With the death this week of Gena Rowlands, the legendary 1970s actress and, arguably, first indie It girl avant la lettre , American cinema has lost the last remaining member of the Cassavetes school. Like the collaborators preceding her, including her husband, director/writer/actor John Cassavetes, and actors Peter Falk, Ben Gazzara, and Seymour Cassel, Rowlands helped to define the rough-hewn fringes of American independent filmmaking in the post-Godard era. Rowlands was the only woman in this New Hollywood boys’ club at a time in which sexual politics might have aspired toward transformation, but the vested power of the male imagination had not.

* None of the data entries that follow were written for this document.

lemma sum_phases_cis:
  fixes m m' :: "'d::finite \<Rightarrow> nat"
  assumes "N > 0" "\<And>i. m i < N" "\<And>i. m' i < N"
  shows "(\<Sum>j\<in>phases N. cis (phase N j m - phase N j m')) = (if m = m' then of_nat (N ^ CARD('d)) else 0)"
proof -
  define k where "k i = int (m i) - int (m' i)" for i
  have "cis (phase N j m - phase N j m') = (\<Prod>i\<in>UNIV. cis (2 * pi * real_of_int (k i) * real (j i) / real N))"
    for j
  proof -
    have "phase N j m - phase N j m' = (\<Sum>i\<in>UNIV. 2 * pi * real_of_int (k i) * real (j i) / real N)"
      unfolding phase_def k_def sum_subtractf[symmetric]
      by (intro sum.cong) (simp_all add: algebra_simps diff_divide_distrib)
    then show ?thesis
      by (simp add: cis_sum)
  qed
  then have "(\<Sum>j\<in>phases N. cis (phase N j m - phase N j m'))
      = (\<Prod>i\<in>UNIV. \<Sum>y<N. cis (2 * pi * real_of_int (k i) * real y / real N))"
    unfolding phases_def by (simp add: prod_sum_PiE)
  also have "\<dots> = (\<Prod>i\<in>UNIV. if k i = 0 then of_nat N else 0)"
  proof (intro prod.cong refl sum_roots_of_unity assms(1))
    show "\<bar>k i\<bar> < int N" for i
      using assms(2,3)[of i] unfolding k_def by linarith
  qed
  also have "\<dots> = (if \<forall>i. k i = 0 then of_nat N ^ CARD('d) else 0)"
    by (auto intro: prod_zero)
  also have "(\<forall>i. k i = 0) \<longleftrightarrow> m = m'"
    unfolding k_def fun_eq_iff by auto
  finally show ?thesis
    by simp
qed

definition rho_pow :: "('d::finite \<Rightarrow> nat) \<Rightarrow> ('d \<Rightarrow> nat) \<Rightarrow> real" where
  "rho_pow l e = (\<Prod>i\<in>UNIV. real (Suc (l i)) ^ e i)"

definition coherent_amp :: "nat \<Rightarrow> ('d::finite \<Rightarrow> nat) \<Rightarrow> ('d \<Rightarrow> nat) \<Rightarrow> ('d \<Rightarrow> nat) \<Rightarrow> complex" where
  "coherent_amp N l j e = complex_of_real (sqrt (rho_pow l e)) * cis (phase N j e)"

lemma rho_pow_pos: "rho_pow l e > 0"
  unfolding rho_pow_def by (intro prod_pos) auto

lemma rho_pow_add: "rho_pow l (\<lambda>i. e i + f i) = rho_pow l e * rho_pow l f"
  unfolding rho_pow_def by (simp add: power_add prod.distrib)

lemma phase_add: "phase N j (\<lambda>i. e i + f i) = phase N j e + phase N j f"
  unfolding phase_def by (simp add: sum.distrib[symmetric] algebra_simps add_divide_distrib)

lemma coherent_amp_add:
  "coherent_amp N l j (\<lambda>i. e i + f i) = coherent_amp N l j e * coherent_amp N l j f"
  unfolding coherent_amp_def rho_pow_add phase_add
  by (simp add: real_sqrt_mult cis_mult[symmetric] mult_ac)

lemma cmod_coherent_amp_sq: "(cmod (coherent_amp N l j e))\<^sup>2 = rho_pow l e"
  unfolding coherent_amp_def using rho_pow_pos[of l e] by (simp add: norm_mult)

lemma sum_phases_coherent_amp:
  fixes m m' :: "'d::finite \<Rightarrow> nat"
  assumes "N > 0" "\<And>i. m i < N" "\<And>i. m' i < N"
  shows "(\<Sum>j\<in>phases N. coherent_amp N l j m * cnj (coherent_amp N l j m'))
    = (if m = m' then of_nat (N ^ CARD('d)) * complex_of_real (rho_pow l m) else 0)"
proof -
  have "coherent_amp N l j m * cnj (coherent_amp N l j m')
      = complex_of_real (sqrt (rho_pow l m) * sqrt (rho_pow l m')) * cis (phase N j m - phase N j m')" for j
    unfolding coherent_amp_def by (simp add: cis_cnj cis_mult mult_ac)
  then have "(\<Sum>j\<in>phases N. coherent_amp N l j m * cnj (coherent_amp N l j m'))
      = complex_of_real (sqrt (rho_pow l m) * sqrt (rho_pow l m')) * (\<Sum>j\<in>phases N. cis (phase N j m - phase N j m'))"
    by (simp add: sum_distrib_left)
  then show ?thesis
    using assms rho_pow_pos[of l m] rho_pow_pos[of l m'] by (simp add: sum_phases_cis flip: of_real_mult)
qed

section \<open>Averaging over radii\<close>

definition grid :: "nat \<Rightarrow> ('d::finite \<Rightarrow> nat) set" where
  "grid n = PiE UNIV (\<lambda>_. {..grid_max n})"

definition grid_weight :: "nat \<Rightarrow> ('d::finite \<Rightarrow> nat) \<Rightarrow> real" where
  "grid_weight n l = (\<Prod>i\<in>UNIV. real ((grid_max n - l i) choose n))"

lemma finite_grid: "finite (grid n)"
  unfolding grid_def by (simp add: finite_PiE)

lemma grid_weight_nonneg: "grid_weight n l \<ge> 0"
  unfolding grid_weight_def by (intro prod_nonneg) auto

lemma zero_in_grid: "(\<lambda>_. 0) \<in> grid n"
  unfolding grid_def by (simp add: PiE_UNIV_domain)

lemma grid_weight_zero_pos: "grid_weight n (\<lambda>_. 0) > 0"
  unfolding grid_weight_def grid_max_def by (intro prod_pos) simp

lemma sum_grid_weight_rho_pow:
  "(\<Sum>l\<in>grid n. grid_weight n l * rho_pow l m) = (\<Prod>i\<in>UNIV. binom_moment (grid_max n) n (m i))"
proof -
  have "(\<Sum>l\<in>grid n. grid_weight n l * rho_pow l m) = (\<Sum>l\<in>PiE UNIV (\<lambda>_. {..grid_max n}).
      \<Prod>i\<in>UNIV. real ((grid_max n - l i) choose n) * real (Suc (l i)) ^ m i)"
    unfolding grid_def grid_weight_def rho_pow_def prod.distrib ..
  also have "\<dots> = (\<Prod>i\<in>UNIV. \<Sum>y\<le>grid_max n. real ((grid_max n - y) choose n) * real (Suc y) ^ m i)"
    by (rule prod_sum_PiE[symmetric]) auto
  finally show ?thesis
    unfolding binom_moment_def .
qed

lemma prod_binom_moment_tendsto:
  "(\<lambda>n. (\<Prod>i\<in>UNIV. binom_moment (grid_max n) n (m i)) / (grid_mass n ^ CARD('d) * real n ^ excitations m))
     \<longlonglongrightarrow> mfact (m :: 'd::finite \<Rightarrow> nat)"
proof -
  have "(\<lambda>n. \<Prod>i\<in>UNIV. scaled_moment n (m i)) \<longlonglongrightarrow> mfact m"
    unfolding mfact_def by (intro tendsto_prod scaled_moment_tendsto)
  moreover have "\<forall>\<^sub>F n in sequentially. (\<Prod>i\<in>UNIV. scaled_moment n (m i))
      = (\<Prod>i\<in>UNIV. binom_moment (grid_max n) n (m i)) / (grid_mass n ^ CARD('d) * real n ^ excitations m)"
    using eventually_ge_at_top[of 1]
    by eventually_elim (simp add: scaled_moment_def prod_dividef prod.distrib excitations_def power_sum)
  ultimately show ?thesis
    by (rule Lim_transform_eventually)
qed

section \<open>The approximating mixtures\<close>

definition level_amp :: "nat \<Rightarrow> nat \<Rightarrow> ('d::finite \<Rightarrow> nat) \<Rightarrow> ('d \<Rightarrow> nat) \<Rightarrow> ('d \<Rightarrow> nat) \<Rightarrow> complex" where
  "level_amp N L l j e =
     (if e \<in> level L then complex_of_real (sqrt (fact L / mfact e)) * coherent_amp N l j e else 0)"

definition level_amp_norm :: "nat \<Rightarrow> ('d::finite \<Rightarrow> nat) \<Rightarrow> real" where
  "level_amp_norm L l = (\<Sum>e\<in>level L. fact L / mfact e * rho_pow l e)"

definition level_norm :: "'d::finite itself \<Rightarrow> nat \<Rightarrow> nat \<Rightarrow> real" where
  "level_norm _ n L = (\<Sum>l\<in>(grid n :: ('d \<Rightarrow> nat) set).
     grid_weight n l * (\<Sum>a\<in>UNIV. rho_pow l (unit_exc a)) * level_amp_norm L l)"

definition mix_weight :: "real \<Rightarrow> nat \<Rightarrow> nat \<Rightarrow> ('d::finite \<Rightarrow> nat) \<Rightarrow> real" where
  "mix_weight z n L l = level_prob TYPE('d) z L / (\<Sum>L'\<le>n. level_prob TYPE('d) z L')
     * grid_weight n l / (real (n + 2) ^ CARD('d) * level_norm TYPE('d) n L)"

definition approx_choi :: "real \<Rightarrow> nat \<Rightarrow> ('d::finite \<times> ('d \<Rightarrow> nat)) op" where
  "approx_choi z n = (\<lambda>(a, e) (a', e'). \<Sum>L\<le>n. \<Sum>l\<in>grid n. \<Sum>j\<in>phases (n + 2).
     complex_of_real (mix_weight z n L l)
     * (coherent_amp (n + 2) l j (unit_exc a) * cnj (coherent_amp (n + 2) l j (unit_exc a')))
     * (level_amp (n + 2) L l j e * cnj (level_amp (n + 2) L l j e')))"

lemma level_amp_norm_pos: "level_amp_norm L (l :: 'd::finite \<Rightarrow> nat) > 0"
  unfolding level_amp_norm_def
  by (intro sum_pos finite_level level_nonempty mult_pos_pos divide_pos_pos mfact_pos rho_pow_pos) auto

lemma level_norm_pos: "level_norm TYPE('d::finite) n L > 0"
  unfolding level_norm_def
proof (rule sum_pos2[OF finite_grid zero_in_grid])
  show "0 < grid_weight n (\<lambda>_. 0) * (\<Sum>a\<in>UNIV. rho_pow (\<lambda>_::'d. 0) (unit_exc a)) * level_amp_norm L (\<lambda>_::'d. 0)"
    by (intro mult_pos_pos grid_weight_zero_pos level_amp_norm_pos sum_pos rho_pow_pos) auto
  show "0 \<le> grid_weight n l * (\<Sum>a\<in>UNIV. rho_pow l (unit_exc a)) * level_amp_norm L l" for l :: "'d \<Rightarrow> nat"
    using grid_weight_nonneg[of n l] level_amp_norm_pos[of L l] rho_pow_pos[of l]
    by (intro mult_nonneg_nonneg sum_nonneg) (auto intro: less_imp_le)
qed

lemma level_prob_partial_sum_pos:
  assumes "0 \<le> z" "z < 1"
  shows "(\<Sum>L\<le>n. level_prob TYPE('d::finite) z L) > 0"
proof (rule sum_pos2[of _ 0])
  show "level_prob TYPE('d) z 0 > 0"
    unfolding level_prob_def using assms level_weight_pos[where 'd = 'd, of 0] by simp
qed (use assms level_prob_nonneg in auto)

lemma level_amp_has_sum:
  "((\<lambda>e. (cmod (level_amp N L l j e))\<^sup>2) has_sum level_amp_norm L l) (UNIV :: ('d::finite \<Rightarrow> nat) set)"
proof -
  have "0 \<le> fact L / mfact e" for e :: "'d \<Rightarrow> nat"
    using mfact_pos[of e] by simp
  then have "((\<lambda>e. (cmod (level_amp N L l j e))\<^sup>2) has_sum level_amp_norm L l) (level L)"
    unfolding level_amp_norm_def using finite_level
    by (intro has_sum_finiteI)
      (auto simp: level_amp_def norm_mult power_mult_distrib cmod_coherent_amp_sq intro!: sum.cong)
  then show ?thesis
    by (rule has_sum_cong_neutral[THEN iffD1, rotated -1]) (auto simp: level_amp_def)
qed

The result was Rowlands’s recurring portrayal of disreputable, and disenchanted, women: a call girl, a mentally fractured housewife, a violent mafia moll, a fading stage actress, and a directionless divorcée—characters often stripped of their security, sanity, and selfhood and pushed to the psychic edges by male antagonists. And, despite Rowlands’s powerful performances, she never quite attained the mainstream visibility of female contemporaries like Jane Fonda, Diane Keaton, Ellen Burstyn, and Faye Dunaway . Indeed, Rowlands was, in many ways, a figure always on the edge of the screen, a face caught in half-shadow, a woman on the verge.

This is perhaps on no better display than in the Rowlands/Cassavetes films Faces (1968) and Love Streams (1984), unofficial bookends of their work together. (While the two of them had app.